A sus 48 años, muestra una madurez absoluta en su visión. No por ello es
cerrado: entiende otras disciplinas, mantiene excelentes amistades con maestros
de diversos estilos y comparte con todos en un marco de respeto.
Lo que
sus alumnos más agradecen es su transparencia total. Nunca les ha mentido ni
les exige nada que él mismo no pueda ejecutar, enseña con el ejemplo: si pide
un golpe, una técnica o una aplicación en un kata, él la demuestra en el acto.

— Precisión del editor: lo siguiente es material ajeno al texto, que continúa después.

(* Let $(X,\mathcal{A})$ be a $(v,k,\lambda)$-BIBD. Then $(X,\mathcal{A})$ has a perfect nesting if and only if $(X,\mathcal{A})$ is a Banff design having an exact colouring.
   Context: A $(v,k,\lambda)$-BIBD is a pair $(X,\mathcal{A})$ where $X$ is a set of $v$ points and $\mathcal{A}$ is a multiset of $k$-subsets of $X$ (blocks) such that every pair of distinct points lies in exactly $\lambda$ blocks. A perfect nesting of $(X,\mathcal{A})$ is a map $\phi:\mathcal{A}\to X$ with $\phi(A)\notin A$ for all $A$ such that $(X,\{A\cup\{\phi(A)\}:A\in\mathcal{A}\})$ is a $(v,k+1,\lambda+1)$-BIBD. The Levi graph $\mathcal{L}(X,\mathcal{A})$ is the bipartite graph with vertex set $X\cup\mathcal{A}$ (each block a separate vertex) and an edge $\{x,A\}$ whenever $x\in A$. A harmonious colouring of a graph is a map $c$ from vertices to colours such that adjacent vertices receive different colours and no two distinct edges receive the same unordered pair of colours; the harmonious chromatic number $h$ is the minimum number of colours in a harmonious colouring. $(X,\mathcal{A})$ is a Banff design if $h(\mathcal{L}(X,\mathcal{A}))=v$; a Banff design has an exact colouring if there is a harmonious colouring of $\mathcal{L}(X,\mathcal{A})$ with $v$ colours in which every pair of distinct colours occurs on exactly one edge. *)

theory Defs
  imports Main
begin

text \<open>A design: point set X, blocks given as an indexed family B over a finite index
  set I (this represents the multiset of blocks; repeated blocks = distinct indices).\<close>

definition bibd :: "'a set \<Rightarrow> 'b set \<Rightarrow> ('b \<Rightarrow> 'a set) \<Rightarrow> nat \<Rightarrow> nat \<Rightarrow> nat \<Rightarrow> bool" where
  "bibd X I B v k lam \<longleftrightarrow>
     finite X \<and> card X = v \<and> finite I \<and>
     (\<forall>i\<in>I. B i \<subseteq> X \<and> card (B i) = k) \<and>
     (\<forall>x\<in>X. \<forall>y\<in>X. x \<noteq> y \<longrightarrow> card {i\<in>I. x \<in> B i \<and> y \<in> B i} = lam)"

definition perfect_nesting :: "'a set \<Rightarrow> 'b set \<Rightarrow> ('b \<Rightarrow> 'a set) \<Rightarrow> nat \<Rightarrow> nat \<Rightarrow> nat \<Rightarrow> ('b \<Rightarrow> 'a) \<Rightarrow> bool" where
  "perfect_nesting X I B v k lam \<phi> \<longleftrightarrow>
     (\<forall>i\<in>I. \<phi> i \<in> X \<and> \<phi> i \<notin> B i) \<and>
     bibd X I (\<lambda>i. insert (\<phi> i) (B i)) v (k + 1) (lam + 1)"

definition levi_vertices :: "'a set \<Rightarrow> 'b set \<Rightarrow> ('a + 'b) set" where
  "levi_vertices X I = Inl ` X \<union> Inr ` I"

definition levi_edges :: "'a set \<Rightarrow> 'b set \<Rightarrow> ('b \<Rightarrow> 'a set) \<Rightarrow> ('a + 'b) set set" where
  "levi_edges X I B = {{Inl x, Inr i} | x i. x \<in> X \<and> i \<in> I \<and> x \<in> B i}"

definition harmonious :: "'v set \<Rightarrow> 'v set set \<Rightarrow> ('v \<Rightarrow> nat) \<Rightarrow> bool" where
  "harmonious V E c \<longleftrightarrow>
     (\<forall>e\<in>E. \<forall>x\<in>e. \<forall>y\<in>e. x \<noteq> y \<longrightarrow> c x \<noteq> c y) \<and>
     (\<forall>e\<in>E. \<forall>e'\<in>E. c ` e = c ` e' \<longrightarrow> e = e')"

definition harmonious_number :: "'v set \<Rightarrow> 'v set set \<Rightarrow> nat" where
  "harmonious_number V E = (LEAST n. \<exists>c. harmonious V E c \<and> card (c ` V) = n)"

definition banff :: "'a set \<Rightarrow> 'b set \<Rightarrow> ('b \<Rightarrow> 'a set) \<Rightarrow> nat \<Rightarrow> bool" where
  "banff X I B v \<longleftrightarrow> harmonious_number (levi_vertices X I) (levi_edges X I B) = v"

definition exact_colouring :: "'a set \<Rightarrow> 'b set \<Rightarrow> ('b \<Rightarrow> 'a set) \<Rightarrow> nat \<Rightarrow> (('a + 'b) \<Rightarrow> nat) \<Rightarrow> bool" where
  "exact_colouring X I B v c \<longleftrightarrow>
     harmonious (levi_vertices X I) (levi_edges X I B) c \<and>
     card (c ` levi_vertices X I) = v \<and>
     (\<forall>a\<in>c ` levi_vertices X I. \<forall>b\<in>c ` levi_vertices X I. a \<noteq> b \<longrightarrow>
        (\<exists>!e. e \<in> levi_edges X I B \<and> c ` e = {a, b}))"

end

theory Submission
  imports Defs
begin

text \<open>
  Call a pair (x, i) with x \<in> B i a flag; flags are the edges of the Levi graph. A perfect
  nesting \<phi> amounts to a bijection from the flags onto the 2-subsets of X, sending (x, i) to
  {x, \<phi> i}, and an exact colouring with v colours amounts to a bijection from the flags onto
  the 2-subsets of the colour set, sending a flag to the colours of its two ends. Colouring
  block i like the point \<phi> i turns the first bijection into the second. Conversely, if the
  points get pairwise distinct colours, the colour of block i names the point \<phi> i.

  If two points share a colour, they lie in no common block, so \<lambda> = 0 and all blocks are
  singletons {pt i}. Exactly one colour \<zeta> is then missing on the points. Orienting each flag
  from its point colour to its block colour gives a tournament on the colours in which \<zeta> is
  a sink; moving the tails of the arcs of the blocks at one of the two points from their
  common colour to \<zeta> yields a tournament realised by a point-injective recolouring, and the
  previous case applies.

  The Banff property is counting: a harmonious colouring with n colours has at most
  n choose 2 edges, and an exact one with v colours has exactly v choose 2.
\<close>

definition two_subsets :: "'a set \<Rightarrow> 'a set set" where
  "two_subsets S = {T. T \<subseteq> S \<and> card T = 2}"

lemma card_two_subsets: "finite S \<Longrightarrow> card (two_subsets S) = card S choose 2"
  unfolding two_subsets_def by (rule n_subsets)

lemma finite_two_subsets: "finite S \<Longrightarrow> finite (two_subsets S)"
  unfolding two_subsets_def by simp

lemma two_subsets_iff: "T \<in> two_subsets S \<longleftrightarrow> (\<exists>a b. T = {a, b} \<and> a \<noteq> b \<and> a \<in> S \<and> b \<in> S)"
  unfolding two_subsets_def card_2_iff by auto

lemma ball_two_subsets_iff: "(\<forall>T\<in>two_subsets S. P T) \<longleftrightarrow> (\<forall>a\<in>S. \<forall>b\<in>S. a \<noteq> b \<longrightarrow> P {a, b})"
  unfolding Ball_def two_subsets_iff by blast

lemma two_subset_eq_insert_other:
  assumes "T \<in> two_subsets S" and "a \<in> T"
  shows "T = {a, the_elem (T - {a})}" and "the_elem (T - {a}) \<noteq> a" and "the_elem (T - {a}) \<in> S"
proof -
  obtain x y where xy: "T = {x, y}" "x \<noteq> y" "x \<in> S" "y \<in> S"
    using assms(1) unfolding two_subsets_iff by blast
  obtain b where b: "T - {a} = {b}" "T = {a, b}" "b \<in> S"
  proof (cases "a = x")
    case True
    then show ?thesis
      using xy that[of y] by auto
  next
    case False
    then have "a = y"
      using xy assms(2) by auto
    then show ?thesis
      using xy that[of x] by auto
  qed
  moreover have "b \<noteq> a"
    using b(1) by blast
  ultimately show "T = {a, the_elem (T - {a})}" and "the_elem (T - {a}) \<noteq> a" and "the_elem (T - {a}) \<in> S"
    by simp_all
qed

lemma bij_betw_image_two_subsets:
  assumes "bij_betw f A B"
  shows "bij_betw (image f) (two_subsets A) (two_subsets B)"
proof -
  have Pow: "bij_betw (image f) (Pow A) (Pow B)"
    using assms by (rule bij_betw_Pow)
  have card: "card (f ` T) = card T" if "T \<subseteq> A" for T
    using that assms by (meson bij_betw_imp_inj_on card_image inj_on_subset)
  have "inj_on (image f) (two_subsets A)"
    using Pow unfolding bij_betw_def two_subsets_def by (auto intro: inj_on_subset)
  moreover have "image f ` two_subsets A = two_subsets B"
  proof
    show "image f ` two_subsets A \<subseteq> two_subsets B"
      using Pow card unfolding bij_betw_def two_subsets_def by auto
    show "two_subsets B \<subseteq> image f ` two_subsets A"
    proof
      fix S assume S: "S \<in> two_subsets B"
      then obtain T where "T \<subseteq> A" "S = f ` T"
        using Pow unfolding bij_betw_def two_subsets_def by (metis (no_types, lifting) Pow_iff imageE mem_Collect_eq)
      then show "S \<in> image f ` two_subsets A"
        using S card unfolding two_subsets_def by auto
    qed
  qed
  ultimately show ?thesis
    unfolding bij_betw_def ..
qed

Pero tal vez su lección más valiosa no proviene de una técnica física, sino de
su filosofía sobre la vida. A menudo aconseja a sus estudiantes no dejarse
contaminar por la negatividad de las noticias en la televisión, que solo buscan
vender miedo mostrando lo peor de la sociedad. Siempre los invita a hacer un
ejercicio sencillo: mirar a su alrededor, observar a sus familias, a sus
vecinos y amigos, y contar cuántos criminales, violadores, estafadores, narcos
o personas malvadas realmente hay a su lado. La respuesta casi siempre es:
ninguno. Nos recuerda que el mundo no está perdido ni es tan oscuro como nos
quieren hacer creer; que si uno decide mirar con atención, la tierra que
habitamos, la gente que nos rodea y la vida cotidiana son infinitamente más
hermosas y valiosas.
Creo que
sensei Sergio Pérez enseña lo que enseña porque su vida fue moldeada por el
esfuerzo, el a menudo es una persona abierta a contar sus vivencias y experiencias,
pero de seguro hay muchas más cosas que solo el sabe y nunca sus alumnos capaz
sepamos, porque igualmente se nota en sus ojos, a veces un poquito de pena
acumulada, un dejo de niño que no vivo bien su infancia y que tuvo que madurar
muy pronto con la honestidad y la experiencia real: en sus clases no se vende
una ilusión, se transmite un camino de supervivencia, temple y respeto forjado
en la verdad del trabajo y de la vida real.